TASK TO CARRY OUT: Read the data below. Every line holding the string "cases" must be copied.

= Beginning of Section =

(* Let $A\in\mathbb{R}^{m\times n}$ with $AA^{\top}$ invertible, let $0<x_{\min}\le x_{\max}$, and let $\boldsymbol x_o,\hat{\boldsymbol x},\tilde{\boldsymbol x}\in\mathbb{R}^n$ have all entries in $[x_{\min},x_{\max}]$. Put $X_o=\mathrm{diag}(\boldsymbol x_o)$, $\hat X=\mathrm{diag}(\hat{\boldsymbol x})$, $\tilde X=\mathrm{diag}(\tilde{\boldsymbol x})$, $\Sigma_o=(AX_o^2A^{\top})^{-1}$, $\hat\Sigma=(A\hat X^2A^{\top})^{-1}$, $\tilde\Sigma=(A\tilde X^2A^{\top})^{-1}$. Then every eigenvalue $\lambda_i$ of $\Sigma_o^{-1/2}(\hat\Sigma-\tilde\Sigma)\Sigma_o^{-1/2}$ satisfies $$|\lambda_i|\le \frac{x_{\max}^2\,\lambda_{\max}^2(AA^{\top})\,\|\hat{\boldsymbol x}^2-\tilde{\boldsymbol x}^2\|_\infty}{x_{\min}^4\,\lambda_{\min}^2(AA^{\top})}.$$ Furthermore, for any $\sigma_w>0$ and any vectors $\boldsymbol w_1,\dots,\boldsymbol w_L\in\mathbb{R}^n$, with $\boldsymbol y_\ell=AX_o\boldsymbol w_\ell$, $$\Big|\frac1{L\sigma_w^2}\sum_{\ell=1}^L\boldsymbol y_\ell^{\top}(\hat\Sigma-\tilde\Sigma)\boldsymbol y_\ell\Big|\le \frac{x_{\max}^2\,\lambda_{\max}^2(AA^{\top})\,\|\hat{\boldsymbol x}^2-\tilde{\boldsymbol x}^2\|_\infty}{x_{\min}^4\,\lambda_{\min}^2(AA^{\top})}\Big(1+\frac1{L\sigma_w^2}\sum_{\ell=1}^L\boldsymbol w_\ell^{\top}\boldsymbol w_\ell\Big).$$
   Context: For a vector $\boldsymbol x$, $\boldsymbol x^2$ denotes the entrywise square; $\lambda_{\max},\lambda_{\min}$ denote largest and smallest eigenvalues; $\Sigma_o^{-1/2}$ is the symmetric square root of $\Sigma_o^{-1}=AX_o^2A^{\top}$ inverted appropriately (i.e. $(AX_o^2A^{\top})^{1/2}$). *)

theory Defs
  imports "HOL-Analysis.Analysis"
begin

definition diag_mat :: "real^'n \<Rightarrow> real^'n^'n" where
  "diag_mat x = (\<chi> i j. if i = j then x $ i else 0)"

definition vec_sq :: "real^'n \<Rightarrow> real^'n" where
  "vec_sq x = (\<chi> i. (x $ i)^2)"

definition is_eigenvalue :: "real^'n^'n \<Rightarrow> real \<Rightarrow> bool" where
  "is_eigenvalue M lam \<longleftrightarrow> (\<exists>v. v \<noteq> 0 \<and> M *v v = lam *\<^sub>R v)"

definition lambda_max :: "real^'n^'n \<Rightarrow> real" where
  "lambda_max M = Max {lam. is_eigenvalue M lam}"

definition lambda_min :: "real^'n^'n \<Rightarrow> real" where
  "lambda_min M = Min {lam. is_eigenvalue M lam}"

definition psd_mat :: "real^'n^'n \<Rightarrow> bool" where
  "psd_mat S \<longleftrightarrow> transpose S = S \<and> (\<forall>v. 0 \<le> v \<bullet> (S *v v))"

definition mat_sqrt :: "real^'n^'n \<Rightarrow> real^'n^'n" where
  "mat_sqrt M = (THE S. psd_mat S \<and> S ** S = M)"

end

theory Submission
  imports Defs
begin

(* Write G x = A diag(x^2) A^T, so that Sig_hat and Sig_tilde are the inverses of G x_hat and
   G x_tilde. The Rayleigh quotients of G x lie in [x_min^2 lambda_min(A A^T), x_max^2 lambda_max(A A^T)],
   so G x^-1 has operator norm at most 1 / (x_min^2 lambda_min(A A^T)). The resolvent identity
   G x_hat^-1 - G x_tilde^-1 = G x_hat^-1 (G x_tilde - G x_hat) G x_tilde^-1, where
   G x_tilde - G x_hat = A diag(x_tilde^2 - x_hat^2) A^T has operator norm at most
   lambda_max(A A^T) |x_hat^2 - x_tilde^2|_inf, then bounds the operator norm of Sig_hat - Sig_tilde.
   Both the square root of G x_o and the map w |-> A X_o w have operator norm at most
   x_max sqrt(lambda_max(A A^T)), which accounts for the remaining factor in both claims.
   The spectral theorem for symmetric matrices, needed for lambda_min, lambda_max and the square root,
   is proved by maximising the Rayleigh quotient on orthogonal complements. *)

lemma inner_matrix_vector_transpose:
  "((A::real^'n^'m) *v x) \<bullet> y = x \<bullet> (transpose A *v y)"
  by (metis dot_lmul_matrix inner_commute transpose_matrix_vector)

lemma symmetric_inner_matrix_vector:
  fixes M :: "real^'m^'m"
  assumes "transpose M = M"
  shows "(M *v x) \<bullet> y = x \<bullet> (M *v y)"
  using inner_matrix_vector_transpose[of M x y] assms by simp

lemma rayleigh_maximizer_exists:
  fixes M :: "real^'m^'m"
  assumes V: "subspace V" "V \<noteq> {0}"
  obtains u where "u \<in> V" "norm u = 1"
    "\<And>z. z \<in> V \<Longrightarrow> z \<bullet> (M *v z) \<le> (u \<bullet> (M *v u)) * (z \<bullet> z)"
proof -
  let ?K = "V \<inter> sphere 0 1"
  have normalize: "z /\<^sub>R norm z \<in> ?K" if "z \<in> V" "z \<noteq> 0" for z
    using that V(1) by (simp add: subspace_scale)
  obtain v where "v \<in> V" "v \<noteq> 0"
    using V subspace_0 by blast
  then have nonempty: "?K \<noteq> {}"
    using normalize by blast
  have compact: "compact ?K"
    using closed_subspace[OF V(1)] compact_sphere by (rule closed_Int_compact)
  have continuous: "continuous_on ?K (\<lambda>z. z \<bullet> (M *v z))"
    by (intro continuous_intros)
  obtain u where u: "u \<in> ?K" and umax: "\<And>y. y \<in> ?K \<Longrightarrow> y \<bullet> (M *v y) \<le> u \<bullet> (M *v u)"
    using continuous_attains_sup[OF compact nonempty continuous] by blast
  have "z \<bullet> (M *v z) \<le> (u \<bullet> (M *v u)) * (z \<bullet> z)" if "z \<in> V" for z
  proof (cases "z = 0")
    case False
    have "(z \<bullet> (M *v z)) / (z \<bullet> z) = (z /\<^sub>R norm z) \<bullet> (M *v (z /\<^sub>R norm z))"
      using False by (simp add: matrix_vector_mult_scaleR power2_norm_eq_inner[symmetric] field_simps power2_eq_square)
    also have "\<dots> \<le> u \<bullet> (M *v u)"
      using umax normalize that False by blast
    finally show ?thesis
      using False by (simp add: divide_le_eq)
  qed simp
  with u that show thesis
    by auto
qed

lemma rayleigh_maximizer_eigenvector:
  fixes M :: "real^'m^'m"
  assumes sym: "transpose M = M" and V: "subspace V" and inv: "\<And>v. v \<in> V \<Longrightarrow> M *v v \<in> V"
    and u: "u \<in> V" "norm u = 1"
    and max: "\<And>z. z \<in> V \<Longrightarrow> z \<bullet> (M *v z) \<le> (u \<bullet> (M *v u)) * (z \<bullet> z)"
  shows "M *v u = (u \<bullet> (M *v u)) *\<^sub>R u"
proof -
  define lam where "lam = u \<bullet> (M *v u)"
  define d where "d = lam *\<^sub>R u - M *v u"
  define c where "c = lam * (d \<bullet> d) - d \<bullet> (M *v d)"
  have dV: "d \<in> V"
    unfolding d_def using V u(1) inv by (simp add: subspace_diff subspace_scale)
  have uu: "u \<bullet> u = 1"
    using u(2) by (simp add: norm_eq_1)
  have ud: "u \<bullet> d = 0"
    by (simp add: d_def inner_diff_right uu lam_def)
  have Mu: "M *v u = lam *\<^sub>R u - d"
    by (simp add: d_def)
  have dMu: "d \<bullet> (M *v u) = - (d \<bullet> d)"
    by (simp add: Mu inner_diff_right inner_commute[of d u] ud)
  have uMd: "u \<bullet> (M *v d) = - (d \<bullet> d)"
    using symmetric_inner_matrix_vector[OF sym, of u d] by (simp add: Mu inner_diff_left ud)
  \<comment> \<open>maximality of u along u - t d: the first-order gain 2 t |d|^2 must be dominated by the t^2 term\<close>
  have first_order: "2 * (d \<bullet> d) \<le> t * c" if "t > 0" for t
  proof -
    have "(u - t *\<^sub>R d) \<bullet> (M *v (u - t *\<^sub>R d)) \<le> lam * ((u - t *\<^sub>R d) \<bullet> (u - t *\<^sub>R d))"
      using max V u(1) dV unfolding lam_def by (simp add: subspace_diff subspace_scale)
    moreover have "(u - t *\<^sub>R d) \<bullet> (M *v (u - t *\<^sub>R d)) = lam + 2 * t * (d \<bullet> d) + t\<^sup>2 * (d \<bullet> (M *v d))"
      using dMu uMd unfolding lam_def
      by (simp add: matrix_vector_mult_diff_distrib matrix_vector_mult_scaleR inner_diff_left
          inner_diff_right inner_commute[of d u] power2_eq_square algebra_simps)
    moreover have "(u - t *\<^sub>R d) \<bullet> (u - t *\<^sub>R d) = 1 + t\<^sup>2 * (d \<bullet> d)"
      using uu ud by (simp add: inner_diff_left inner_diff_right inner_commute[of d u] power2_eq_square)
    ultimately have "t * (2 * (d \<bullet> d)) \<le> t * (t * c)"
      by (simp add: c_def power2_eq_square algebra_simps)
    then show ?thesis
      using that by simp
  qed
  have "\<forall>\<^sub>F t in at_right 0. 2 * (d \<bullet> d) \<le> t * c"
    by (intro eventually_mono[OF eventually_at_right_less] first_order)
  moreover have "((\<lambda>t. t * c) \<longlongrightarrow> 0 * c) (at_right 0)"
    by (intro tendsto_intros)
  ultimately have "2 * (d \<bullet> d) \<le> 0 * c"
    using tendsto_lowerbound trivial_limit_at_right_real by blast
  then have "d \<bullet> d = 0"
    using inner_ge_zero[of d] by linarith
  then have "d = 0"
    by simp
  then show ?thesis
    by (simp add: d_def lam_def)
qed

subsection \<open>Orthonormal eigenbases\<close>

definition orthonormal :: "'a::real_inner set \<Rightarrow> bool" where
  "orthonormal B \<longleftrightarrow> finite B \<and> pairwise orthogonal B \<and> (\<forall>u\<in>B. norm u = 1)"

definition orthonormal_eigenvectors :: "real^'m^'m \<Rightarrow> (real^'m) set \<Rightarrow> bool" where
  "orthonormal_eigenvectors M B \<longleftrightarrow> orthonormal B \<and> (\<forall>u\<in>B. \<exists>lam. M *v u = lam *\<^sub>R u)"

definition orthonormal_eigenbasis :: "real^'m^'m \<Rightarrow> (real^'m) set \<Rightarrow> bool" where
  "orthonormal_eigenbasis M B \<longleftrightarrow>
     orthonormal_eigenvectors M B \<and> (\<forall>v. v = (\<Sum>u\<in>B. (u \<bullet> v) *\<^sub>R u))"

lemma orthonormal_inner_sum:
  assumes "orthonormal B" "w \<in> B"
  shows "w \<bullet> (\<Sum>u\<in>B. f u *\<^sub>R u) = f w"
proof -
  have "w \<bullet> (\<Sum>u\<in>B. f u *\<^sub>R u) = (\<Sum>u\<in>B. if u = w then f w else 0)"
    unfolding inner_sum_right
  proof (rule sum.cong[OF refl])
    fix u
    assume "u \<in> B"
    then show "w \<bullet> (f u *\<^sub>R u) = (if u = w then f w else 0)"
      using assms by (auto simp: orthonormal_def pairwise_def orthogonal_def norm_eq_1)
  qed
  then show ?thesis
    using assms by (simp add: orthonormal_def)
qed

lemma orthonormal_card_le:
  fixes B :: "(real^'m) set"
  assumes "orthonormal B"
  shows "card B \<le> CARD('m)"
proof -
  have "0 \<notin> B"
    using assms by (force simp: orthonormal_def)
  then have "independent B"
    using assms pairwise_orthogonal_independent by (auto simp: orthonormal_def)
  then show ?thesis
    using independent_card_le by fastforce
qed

= End of Section =
= Beginning of Section =

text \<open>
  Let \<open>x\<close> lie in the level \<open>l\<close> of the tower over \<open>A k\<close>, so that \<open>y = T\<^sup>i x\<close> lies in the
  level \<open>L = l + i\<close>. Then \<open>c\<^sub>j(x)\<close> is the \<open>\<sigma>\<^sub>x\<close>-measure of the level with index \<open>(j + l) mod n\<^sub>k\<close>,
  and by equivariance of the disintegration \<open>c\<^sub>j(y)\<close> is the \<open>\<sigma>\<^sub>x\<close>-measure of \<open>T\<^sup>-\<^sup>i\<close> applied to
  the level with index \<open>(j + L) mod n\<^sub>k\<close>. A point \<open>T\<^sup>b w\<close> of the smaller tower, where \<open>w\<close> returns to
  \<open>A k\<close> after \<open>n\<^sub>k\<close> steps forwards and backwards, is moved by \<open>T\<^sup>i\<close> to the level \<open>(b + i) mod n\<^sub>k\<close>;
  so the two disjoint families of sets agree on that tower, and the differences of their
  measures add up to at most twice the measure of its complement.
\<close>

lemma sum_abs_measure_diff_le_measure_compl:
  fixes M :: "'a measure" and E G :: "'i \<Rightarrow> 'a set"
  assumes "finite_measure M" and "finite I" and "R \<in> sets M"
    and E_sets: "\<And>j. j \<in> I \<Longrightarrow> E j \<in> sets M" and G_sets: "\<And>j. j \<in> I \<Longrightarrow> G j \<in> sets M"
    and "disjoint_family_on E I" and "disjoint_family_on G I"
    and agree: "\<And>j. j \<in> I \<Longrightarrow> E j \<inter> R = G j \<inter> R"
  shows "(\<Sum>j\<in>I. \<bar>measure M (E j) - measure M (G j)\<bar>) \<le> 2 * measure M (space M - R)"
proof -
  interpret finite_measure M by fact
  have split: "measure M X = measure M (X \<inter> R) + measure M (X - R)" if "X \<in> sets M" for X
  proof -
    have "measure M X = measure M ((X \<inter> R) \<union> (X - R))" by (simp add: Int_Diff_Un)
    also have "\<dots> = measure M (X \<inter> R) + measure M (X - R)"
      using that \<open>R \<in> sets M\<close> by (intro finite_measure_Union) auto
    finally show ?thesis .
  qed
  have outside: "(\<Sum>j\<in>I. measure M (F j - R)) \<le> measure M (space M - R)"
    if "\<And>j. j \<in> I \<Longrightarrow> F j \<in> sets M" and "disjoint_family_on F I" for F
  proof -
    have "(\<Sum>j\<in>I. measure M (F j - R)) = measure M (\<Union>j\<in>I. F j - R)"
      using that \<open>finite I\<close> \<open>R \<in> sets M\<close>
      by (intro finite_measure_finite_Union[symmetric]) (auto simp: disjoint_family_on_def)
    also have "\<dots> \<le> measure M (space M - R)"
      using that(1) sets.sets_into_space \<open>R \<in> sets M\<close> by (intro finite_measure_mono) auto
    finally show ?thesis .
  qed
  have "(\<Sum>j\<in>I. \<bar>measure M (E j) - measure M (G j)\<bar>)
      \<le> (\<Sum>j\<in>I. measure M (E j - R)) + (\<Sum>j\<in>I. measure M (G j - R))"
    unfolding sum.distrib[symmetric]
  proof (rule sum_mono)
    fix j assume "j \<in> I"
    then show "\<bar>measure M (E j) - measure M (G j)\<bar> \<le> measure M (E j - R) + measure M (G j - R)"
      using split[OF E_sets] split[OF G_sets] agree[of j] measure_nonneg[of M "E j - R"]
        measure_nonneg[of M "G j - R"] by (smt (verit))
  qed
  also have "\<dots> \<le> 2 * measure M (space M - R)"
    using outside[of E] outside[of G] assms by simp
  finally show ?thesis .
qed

= End of Section =
= Beginning of Section =

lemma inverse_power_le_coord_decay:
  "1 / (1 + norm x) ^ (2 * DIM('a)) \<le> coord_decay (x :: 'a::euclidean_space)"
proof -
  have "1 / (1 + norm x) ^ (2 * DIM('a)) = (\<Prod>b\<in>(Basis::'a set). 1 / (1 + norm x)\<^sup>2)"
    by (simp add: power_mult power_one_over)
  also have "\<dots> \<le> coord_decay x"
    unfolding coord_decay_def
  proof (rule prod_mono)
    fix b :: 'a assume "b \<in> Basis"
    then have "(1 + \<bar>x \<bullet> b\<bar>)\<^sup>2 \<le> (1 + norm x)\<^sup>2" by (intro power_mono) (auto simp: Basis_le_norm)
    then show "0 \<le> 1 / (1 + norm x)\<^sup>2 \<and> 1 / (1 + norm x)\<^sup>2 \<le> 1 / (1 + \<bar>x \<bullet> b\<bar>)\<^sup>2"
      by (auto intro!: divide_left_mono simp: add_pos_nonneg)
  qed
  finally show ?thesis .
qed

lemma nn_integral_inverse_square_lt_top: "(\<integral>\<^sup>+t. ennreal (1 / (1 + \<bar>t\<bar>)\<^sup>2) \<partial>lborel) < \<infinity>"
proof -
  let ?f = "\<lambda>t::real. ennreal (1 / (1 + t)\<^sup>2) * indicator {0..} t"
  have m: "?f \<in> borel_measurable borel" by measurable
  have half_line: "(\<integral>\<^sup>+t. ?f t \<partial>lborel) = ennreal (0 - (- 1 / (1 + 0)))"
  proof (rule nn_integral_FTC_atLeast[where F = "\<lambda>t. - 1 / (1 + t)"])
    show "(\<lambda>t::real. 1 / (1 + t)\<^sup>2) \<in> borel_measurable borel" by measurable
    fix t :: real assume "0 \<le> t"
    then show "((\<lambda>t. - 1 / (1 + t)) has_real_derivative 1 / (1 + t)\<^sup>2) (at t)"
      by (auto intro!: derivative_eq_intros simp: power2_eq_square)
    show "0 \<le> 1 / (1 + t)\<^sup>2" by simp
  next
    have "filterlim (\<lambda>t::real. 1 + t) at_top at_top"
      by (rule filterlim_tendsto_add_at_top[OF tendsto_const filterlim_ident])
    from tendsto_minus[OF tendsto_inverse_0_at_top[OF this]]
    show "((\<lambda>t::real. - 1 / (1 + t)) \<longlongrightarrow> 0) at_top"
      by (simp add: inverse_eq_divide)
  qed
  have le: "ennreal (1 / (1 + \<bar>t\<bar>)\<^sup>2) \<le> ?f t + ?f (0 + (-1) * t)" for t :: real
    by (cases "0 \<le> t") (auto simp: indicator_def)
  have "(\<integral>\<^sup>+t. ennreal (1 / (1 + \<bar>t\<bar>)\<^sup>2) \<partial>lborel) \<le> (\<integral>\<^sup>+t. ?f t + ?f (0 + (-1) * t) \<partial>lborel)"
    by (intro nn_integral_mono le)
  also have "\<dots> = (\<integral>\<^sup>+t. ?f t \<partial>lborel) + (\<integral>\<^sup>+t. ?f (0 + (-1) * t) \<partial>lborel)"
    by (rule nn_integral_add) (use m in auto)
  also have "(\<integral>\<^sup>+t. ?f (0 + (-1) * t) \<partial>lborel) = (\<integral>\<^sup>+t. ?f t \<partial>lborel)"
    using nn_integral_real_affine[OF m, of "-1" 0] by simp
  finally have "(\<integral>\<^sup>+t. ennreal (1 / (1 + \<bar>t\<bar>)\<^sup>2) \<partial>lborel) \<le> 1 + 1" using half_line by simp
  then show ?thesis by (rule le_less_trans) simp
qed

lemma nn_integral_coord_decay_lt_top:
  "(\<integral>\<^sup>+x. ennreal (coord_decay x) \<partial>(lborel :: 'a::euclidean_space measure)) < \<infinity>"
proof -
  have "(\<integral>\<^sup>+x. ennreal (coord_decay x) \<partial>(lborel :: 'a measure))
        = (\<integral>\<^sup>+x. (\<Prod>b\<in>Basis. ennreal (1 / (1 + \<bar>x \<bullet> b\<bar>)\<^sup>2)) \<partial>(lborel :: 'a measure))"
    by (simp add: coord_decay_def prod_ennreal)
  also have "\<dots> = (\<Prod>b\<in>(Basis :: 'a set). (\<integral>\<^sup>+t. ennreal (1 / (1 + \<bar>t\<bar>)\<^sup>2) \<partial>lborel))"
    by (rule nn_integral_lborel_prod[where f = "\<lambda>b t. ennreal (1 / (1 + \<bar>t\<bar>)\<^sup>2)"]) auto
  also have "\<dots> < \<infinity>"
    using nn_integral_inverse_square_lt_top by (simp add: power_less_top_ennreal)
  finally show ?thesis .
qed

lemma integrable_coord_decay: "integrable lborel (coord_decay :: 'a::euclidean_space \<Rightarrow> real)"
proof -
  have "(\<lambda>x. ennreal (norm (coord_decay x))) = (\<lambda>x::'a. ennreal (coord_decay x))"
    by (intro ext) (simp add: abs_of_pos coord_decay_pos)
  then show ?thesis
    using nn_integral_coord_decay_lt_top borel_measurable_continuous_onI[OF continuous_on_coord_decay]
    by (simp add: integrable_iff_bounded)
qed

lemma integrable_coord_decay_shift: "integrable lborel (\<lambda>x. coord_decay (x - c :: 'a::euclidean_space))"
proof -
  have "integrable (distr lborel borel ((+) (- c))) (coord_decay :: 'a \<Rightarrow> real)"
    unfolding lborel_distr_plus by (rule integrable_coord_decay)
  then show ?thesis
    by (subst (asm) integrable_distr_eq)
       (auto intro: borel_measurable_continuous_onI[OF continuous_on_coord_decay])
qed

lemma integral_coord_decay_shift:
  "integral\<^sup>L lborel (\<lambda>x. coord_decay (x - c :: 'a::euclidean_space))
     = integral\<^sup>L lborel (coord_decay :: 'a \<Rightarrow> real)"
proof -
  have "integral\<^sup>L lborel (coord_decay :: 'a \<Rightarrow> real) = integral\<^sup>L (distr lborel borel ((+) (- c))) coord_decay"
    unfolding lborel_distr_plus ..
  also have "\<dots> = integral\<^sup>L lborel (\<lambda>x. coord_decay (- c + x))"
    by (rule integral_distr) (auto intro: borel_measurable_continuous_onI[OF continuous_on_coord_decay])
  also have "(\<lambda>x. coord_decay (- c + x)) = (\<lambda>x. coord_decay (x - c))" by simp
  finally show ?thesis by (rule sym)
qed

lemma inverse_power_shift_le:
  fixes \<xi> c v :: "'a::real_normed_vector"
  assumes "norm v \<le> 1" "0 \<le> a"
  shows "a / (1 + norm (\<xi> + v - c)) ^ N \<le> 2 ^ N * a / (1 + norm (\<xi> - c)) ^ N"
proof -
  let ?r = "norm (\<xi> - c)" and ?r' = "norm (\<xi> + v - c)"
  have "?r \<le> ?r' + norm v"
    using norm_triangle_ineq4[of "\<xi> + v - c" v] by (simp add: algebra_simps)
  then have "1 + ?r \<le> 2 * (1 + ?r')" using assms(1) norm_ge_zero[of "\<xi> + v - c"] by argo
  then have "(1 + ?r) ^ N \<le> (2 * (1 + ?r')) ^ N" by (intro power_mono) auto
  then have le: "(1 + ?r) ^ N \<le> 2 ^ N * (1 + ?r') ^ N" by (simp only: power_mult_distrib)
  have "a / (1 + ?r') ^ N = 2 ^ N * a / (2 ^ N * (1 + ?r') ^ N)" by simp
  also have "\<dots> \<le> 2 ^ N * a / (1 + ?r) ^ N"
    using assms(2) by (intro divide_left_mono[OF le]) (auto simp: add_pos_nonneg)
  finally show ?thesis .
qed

= End of Section =

RESULT OF THIS EXERCISE:
  proof (cases "z = 0")
    by (cases "0 \<le> t") (auto simp: indicator_def)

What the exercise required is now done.